» TRY IT
Transcribe, verbatim, every line from the start of the entries through the line that contains "butlast b @"; include both boundary lines and omit all others.
- - - - - - -
lemma suffix_self_append_append:
  "suffix v (v @ a) \<Longrightarrow> suffix v (v @ b) \<Longrightarrow> suffix v (v @ a @ b)"
  unfolding suffix_def by (metis append.assoc)

lemma conductor_prepend:
  assumes "conductor C u"
  shows "conductor C (x @ u)"
proof -
  have "suffix u (u @ a)" if "suffix (x @ u) (x @ u @ a)" for a
  proof -
    have "suffix u (x @ u @ a)"
      using that suffix_appendD by blast
    moreover have "suffix (u @ a) (x @ u @ a)"
      by (rule suffix_appendI) simp
    ultimately show ?thesis
      using suffix_length_suffix by fastforce
  qed
  then show ?thesis
    using assms unfolding conductor_iff_suffix by (metis append.assoc)
qed

lemma suffix_snoc_self_append:
  assumes "suffix (u @ [ch]) (u @ ch # a)" "a \<noteq> []"
  shows "a = butlast a @ [ch] \<and> suffix u (u @ ch # butlast a)"
proof -
  obtain a' where a': "u @ [ch] @ a = a' @ u @ [ch]"
    using assms(1) by (auto simp: suffix_def)
  then have "last a = ch"
    using assms(2) by (metis last_appendR last_snoc append.assoc)
  then have a: "a = butlast a @ [ch]"
    using assms(2) by (metis append_butlast_last_id)
  then have "u @ ch # butlast a = a' @ u"
    using a' by (metis append.assoc append_Cons append_Nil butlast_snoc)
  then show ?thesis
    using a by (simp add: suffix_def)
qed

lemma conductor_snoc:
  assumes "conductor C u"
  shows "conductor C (u @ [ch])"
  unfolding conductor_iff_suffix
proof (intro allI impI)
  fix a b :: "'a list"
  assume "a \<noteq> []" "b \<noteq> []"
    and "suffix (u @ [ch]) ((u @ [ch]) @ a)" "suffix (u @ [ch]) ((u @ [ch]) @ b)"
  then have a: "a = butlast a @ [ch]" "suffix u (u @ ch # butlast a)"
    and b: "b = butlast b @ [ch]" "suffix u (u @ ch # butlast b)"
    using suffix_snoc_self_append[of u ch a] suffix_snoc_self_append[of u ch b] by simp_all
  \<comment> \<open>rotating the last character of a and b to the front makes them fit u\<close>
  have "cyc (ch # butlast a) = cyc a" "cyc (ch # butlast b) = cyc b"
    using a(1) b(1) cyc_rotate_last by metis+
  moreover have "cyc ((ch # butlast a) @ (ch # butlast b)) = cyc (a @ b)"
    using cyc_rotate_last[of ch "butlast a @ ch # butlast b"] a(1) b(1)
    by (metis append.assoc append_Cons append_Nil)
  ultimately show "cyc (a @ b) \<in> C \<longleftrightarrow> cyc a \<in> C \<and> cyc b \<in> C"
    using assms a(2) b(2) unfolding conductor_iff_suffix by (metis list.discI)
qed

lemma conductor_append:
  "conductor C u \<Longrightarrow> conductor C (u @ y)"
proof (induction y rule: rev_induct)
  case (snoc ch y)
  then show ?case
    using conductor_snoc[of C "u @ y" ch] by simp
qed simp

lemma conductor_sublist:
  assumes "conductor C u" "sublist u s"
  shows "conductor C s"
  using assms conductor_prepend conductor_append unfolding sublist_def by blast

lemma substring_of_cyc_suffix:
  assumes "a \<noteq> []" "suffix s (s @ a)" "cyc a \<in> C"
  shows "substring_of C s"
proof -
  obtain r where "periodic_factor a r (s @ a)"
    using periodic_factor_of_suffix[OF assms(1,2)] ..
  then have "periodic_factor a r s"
    by (rule periodic_factor_appendD)
  then show ?thesis
    using occurs_in_cyc_iff_periodic_factor[OF assms(1)] assms(3) unfolding substring_of_def by blast
qed

lemma conductor_if_not_substring:
  assumes "\<not> substring_of C s"
  shows "conductor C s"
  unfolding conductor_iff_suffix
proof (intro allI impI)
  fix a b :: "'a list"
  assume "a \<noteq> []" "b \<noteq> []" "suffix s (s @ a)" "suffix s (s @ b)"
  then have "cyc a \<notin> C" "cyc b \<notin> C" "cyc (a @ b) \<notin> C"
    using assms substring_of_cyc_suffix[of _ s C] suffix_self_append_append by blast+
  then show "cyc (a @ b) \<in> C \<longleftrightarrow> cyc a \<in> C \<and> cyc b \<in> C"
    by blast
qed

section \<open>Labels of walks\<close>

locale abstract_assembly =
  fixes G :: "('v, 'e) pre_digraph" and lv :: "'v \<Rightarrow> 'a list" and le :: "'e \<Rightarrow> 'a list"
  assumes abstract_assembly_graph: "abstract_assembly_graph G lv le"
begin

sublocale fin_digraph G
  using abstract_assembly_graph unfolding abstract_assembly_graph_def by blast

definition arc_ext :: "'e \<Rightarrow> 'a list" where
  "arc_ext e = drop (length (lv (tail G e))) (le e)"

definition walk_ext :: "'e list \<Rightarrow> 'a list" where
  "walk_ext p = concat (map arc_ext p)"

lemma walk_ext_Nil [simp]: "walk_ext [] = []"
  and walk_ext_Cons [simp]: "walk_ext (e # p) = arc_ext e @ walk_ext p"
  and walk_ext_append [simp]: "walk_ext (p @ q) = walk_ext p @ walk_ext q"
  by (simp_all add: walk_ext_def)

lemma walk_ext_power: "walk_ext (concat (replicate k p)) = concat (replicate k (walk_ext p))"
  by (induction k) auto

lemma arc_label_eq: "e \<in> arcs G \<Longrightarrow> le e = lv (tail G e) @ arc_ext e"
  using abstract_assembly_graph unfolding abstract_assembly_graph_def arc_ext_def prefix_def by auto

lemma suffix_head_label: "e \<in> arcs G \<Longrightarrow> suffix (lv (head G e)) (le e)"
  using abstract_assembly_graph unfolding abstract_assembly_graph_def by auto

lemma walk_label_eq:
  assumes "awalk u p w"
  shows "walk_label G lv le u p = lv u @ walk_ext p"
proof (cases p)
  case (Cons e es)
  then have "e \<in> arcs G" "tail G e = u"
    using assms by (auto simp: awalk_Cons_iff)
  then show ?thesis
    using arc_label_eq[of e] by (simp add: Cons walk_label_def walk_ext_def arc_ext_def[abs_def])
qed (simp add: walk_label_def)

lemma suffix_walk_label: "awalk u p w \<Longrightarrow> suffix (lv w) (lv u @ walk_ext p)"
proof (induction p arbitrary: u)
  case (Cons e p)
  then have e: "e \<in> arcs G" "tail G e = u" "awalk (head G e) p w"
    by (auto simp: awalk_Cons_iff)
  obtain q where q: "lv (head G e) @ walk_ext p = q @ lv w"
    using Cons.IH[OF e(3)] by (auto simp: suffix_def)
  obtain pre where pre: "le e = pre @ lv (head G e)"
    using suffix_head_label[OF e(1)] by (auto simp: suffix_def)
  have "lv u @ walk_ext (e # p) = le e @ walk_ext p"
    using arc_label_eq[OF e(1)] e(2) by simp
  also have "\<dots> = (pre @ q) @ lv w"
    using pre q by simp
  finally show ?case
    by (simp only: suffix_def) blast
qed (simp add: awalk_Nil_iff)

lemma awalk_power: "awalk z p z \<Longrightarrow> awalk z (concat (replicate k p)) z"
  by (induction k) (auto simp: awalk_Nil_iff awalk_hd_in_verts)

lemma awalk_of_power:
  assumes "awalk z (concat (replicate k p)) z" "0 < k" "p \<noteq> []"
  shows "awalk z p z"
proof -
  obtain k' where k: "k = Suc k'"
    using assms(2) gr0_conv_Suc by blast
  have "awalk z (p @ concat (replicate k' p)) z" "awalk z (concat (replicate k' p) @ p) z"
    using assms(1) by (simp_all add: k flip: concat_replicate_Suc_snoc)
  then obtain m m' where "awalk z p m" "awalk m' p z"
    unfolding awalk_append_iff by blast
  then show ?thesis
    using awalk_ends[of z p m m' z] assms(3) by auto
qed

lemma vertex_label_sublist_of_long_infix:
  "awalk u p w \<Longrightarrow> p \<noteq> [] \<Longrightarrow> lv u @ walk_ext p = al @ s @ be \<Longrightarrow>
    \<forall>e\<in>set p. length (le e) \<le> length s \<Longrightarrow> \<exists>y\<in>verts G. sublist (lv y) s"
proof (induction p arbitrary: u al)
  case (Cons e p)
  then have e: "e \<in> arcs G" "tail G e = u" "awalk (head G e) p w" "length (le e) \<le> length s"
    by (auto simp: awalk_Cons_iff)
  obtain pre where pre: "le e = pre @ lv (head G e)"
    using suffix_head_label[OF e(1)] by (auto simp: suffix_def)
  have L: "lv u @ walk_ext (e # p) = pre @ lv (head G e) @ walk_ext p"
    using arc_label_eq[OF e(1)] e(2) pre by simp
  show ?case
  proof (cases "length al \<le> length pre")
    case True
    \<comment> \<open>s starts within the first arc label and is at least as long, so it covers lv (head G e)\<close>
    moreover have "length pre + length (lv (head G e)) \<le> length al + length s"
      using e(4) arg_cong[OF pre, of length] by simp
    ultimately have "sublist (lv (head G e)) s"
      by (rule sublist_of_overlapping_occurrence[OF Cons.prems(3) L])
    then show ?thesis
      using head_in_verts[OF e(1)] by blast
  next
    case False
    then obtain al' where al': "lv (head G e) @ walk_ext p = al' @ s @ be" "al' \<noteq> []"
      using append_eq_append_longer[of al "s @ be" pre "lv (head G e) @ walk_ext p"] Cons.prems(3) L
      by auto
    show ?thesis
    proof (cases "p = []")
      case True
      then show ?thesis
        using arg_cong[OF al'(1), of length] al'(2) e(4) pre by auto
    next
      case False
      then show ?thesis
        using Cons.IH[OF e(3) False al'(1)] Cons.prems(4) by simp
    qed
  qed
qed simp

end

locale assembly = abstract_assembly +
  assumes no_prefix_suffix_arc: "e \<in> arcs G \<Longrightarrow> \<not> (prefix_edge G lv le e \<and> suffix_edge G lv le e)"
begin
- - - - - - -
» ANSWER
lemma suffix_self_append_append:
  "suffix v (v @ a) \<Longrightarrow> suffix v (v @ b) \<Longrightarrow> suffix v (v @ a @ b)"
  unfolding suffix_def by (metis append.assoc)

lemma conductor_prepend:
  assumes "conductor C u"
  shows "conductor C (x @ u)"
proof -
  have "suffix u (u @ a)" if "suffix (x @ u) (x @ u @ a)" for a
  proof -
    have "suffix u (x @ u @ a)"
      using that suffix_appendD by blast
    moreover have "suffix (u @ a) (x @ u @ a)"
      by (rule suffix_appendI) simp
    ultimately show ?thesis
      using suffix_length_suffix by fastforce
  qed
  then show ?thesis
    using assms unfolding conductor_iff_suffix by (metis append.assoc)
qed

lemma suffix_snoc_self_append:
  assumes "suffix (u @ [ch]) (u @ ch # a)" "a \<noteq> []"
  shows "a = butlast a @ [ch] \<and> suffix u (u @ ch # butlast a)"
proof -
  obtain a' where a': "u @ [ch] @ a = a' @ u @ [ch]"
    using assms(1) by (auto simp: suffix_def)
  then have "last a = ch"
    using assms(2) by (metis last_appendR last_snoc append.assoc)
  then have a: "a = butlast a @ [ch]"
    using assms(2) by (metis append_butlast_last_id)
  then have "u @ ch # butlast a = a' @ u"
    using a' by (metis append.assoc append_Cons append_Nil butlast_snoc)
  then show ?thesis
    using a by (simp add: suffix_def)
qed

lemma conductor_snoc:
  assumes "conductor C u"
  shows "conductor C (u @ [ch])"
  unfolding conductor_iff_suffix
proof (intro allI impI)
  fix a b :: "'a list"
  assume "a \<noteq> []" "b \<noteq> []"
    and "suffix (u @ [ch]) ((u @ [ch]) @ a)" "suffix (u @ [ch]) ((u @ [ch]) @ b)"
  then have a: "a = butlast a @ [ch]" "suffix u (u @ ch # butlast a)"
    and b: "b = butlast b @ [ch]" "suffix u (u @ ch # butlast b)"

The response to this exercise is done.